At the beginning is the dull experience, sometimes (as with Augustine) of years standing, that things are not going well. There is consciousness of moral evil and mental uncertainty. This is often coupled with a true desire of amendment, but to no avail. The flesh is too weak, and passions (lust and selfishness) too strong.

All the while someone is praying and begging God for the grace of repentance. It is seldom the one who needs the grace, but another who cares for his spiritual welfare. When the confused sinner prays for himself, as Augustine did, his prayer is half-hearted and more of a velleity. "Make me chaste, Lord," Augustine would say, "but not yet." Yet prayer is essential, especially the prayer of those in God's friendship who unite their petition with wholesome sacrifice.

Suddenly comes a change, though more often the heart has been changing gradually but there is often a marked crisis between two states of soul--a before and an after. Anyone who experienced this kind of conversion, even on a minor scale, has no doubt that a new life has begun and old ways are shed.

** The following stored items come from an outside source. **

lemma sum_codebooks_with_codeword:
  fixes c :: "'x list" and f :: "'x list \<Rightarrow> real"
  assumes w: "w \<in> {1..M}"
  defines "A \<equiv> PiE {1..M} (\<lambda>v. if v = w then {c} else seqs code_len)"
  shows "(\<Sum>C\<in>A. codebook_prob C) = iid PX c"
    and "w' \<in> {1..M} - {w} \<Longrightarrow>
      (\<Sum>C\<in>A. codebook_prob C * f (C w')) = iid PX c * (\<Sum>b\<in>seqs code_len. iid PX b * f b)"
proof -
  have sum_A: "(\<Sum>C\<in>A. codebook_prob C * (\<Prod>v\<in>{1..M}. h v (C v))) =
      (\<Prod>v\<in>{1..M}. if v = w then iid PX c * h v c else \<Sum>b\<in>seqs code_len. iid PX b * h v b)"
    for h :: "nat \<Rightarrow> 'x list \<Rightarrow> real"
    unfolding A_def by (subst sum_codebook_prob_prod) (auto intro!: prod.cong)
  have "(\<Sum>C\<in>A. codebook_prob C) = (\<Prod>v\<in>{1..M}. if v = w then iid PX c else 1)"
    using sum_A[of "\<lambda>_ _. 1"] by (simp add: sum_iid[OF PX_sum] cong: if_cong)
  then show "(\<Sum>C\<in>A. codebook_prob C) = iid PX c"
    using w by (simp add: prod.delta)
  assume w': "w' \<in> {1..M} - {w}"
  have "(\<Sum>C\<in>A. codebook_prob C * f (C w')) =
      (\<Sum>C\<in>A. codebook_prob C * (\<Prod>v\<in>{1..M}. if v = w' then f (C v) else 1))"
    using w' by (simp add: prod.delta')
  also have "\<dots> = (\<Prod>v\<in>{1..M}. (if v = w then iid PX c else 1) *
      (if v = w' then (\<Sum>b\<in>seqs code_len. iid PX b * f b) else 1))"
    using sum_A[of "\<lambda>v b. if v = w' then f b else 1"] w'
    by (auto simp: sum_iid[OF PX_sum] cong: if_cong intro!: prod.cong)
  also have "\<dots> = iid PX c * (\<Sum>b\<in>seqs code_len. iid PX b * f b)"
    using w w' by (simp add: prod.distrib prod.delta')
  finally show "(\<Sum>C\<in>A. codebook_prob C * f (C w')) = iid PX c * (\<Sum>b\<in>seqs code_len. iid PX b * f b)" .
qed

definition dens_exceeds :: "nat \<Rightarrow> 'x list \<Rightarrow> 'x list \<Rightarrow> 'y list \<Rightarrow> real" where
  "dens_exceeds j b c x = (if data_dens j c x \<le> data_dens j b x then 1 else 0)"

At this crucial point, the person of Christ figures prominently and perceptibly as the One through whom the change of heart took place; that it was His grace at work and, above the natural capacities of the sinner, made a new man out of him.

Subjectively two spiritual emotions demonstrate the presence of grace, and the finding of Christ in the soul: peace of mind and joy of will. Where confusion and doubt had prevailed, now there is quiet of intellect and assurance that there are answers to life's problems and that life is not a mad dream. And where the volitional faculties had been torn between extremes and may be near despair, now they experience a happiness that is all the more real for being indescribable. No one who has gone through this crisis doubts it, and anyone who has been through it knows exactly what Augustine means to say.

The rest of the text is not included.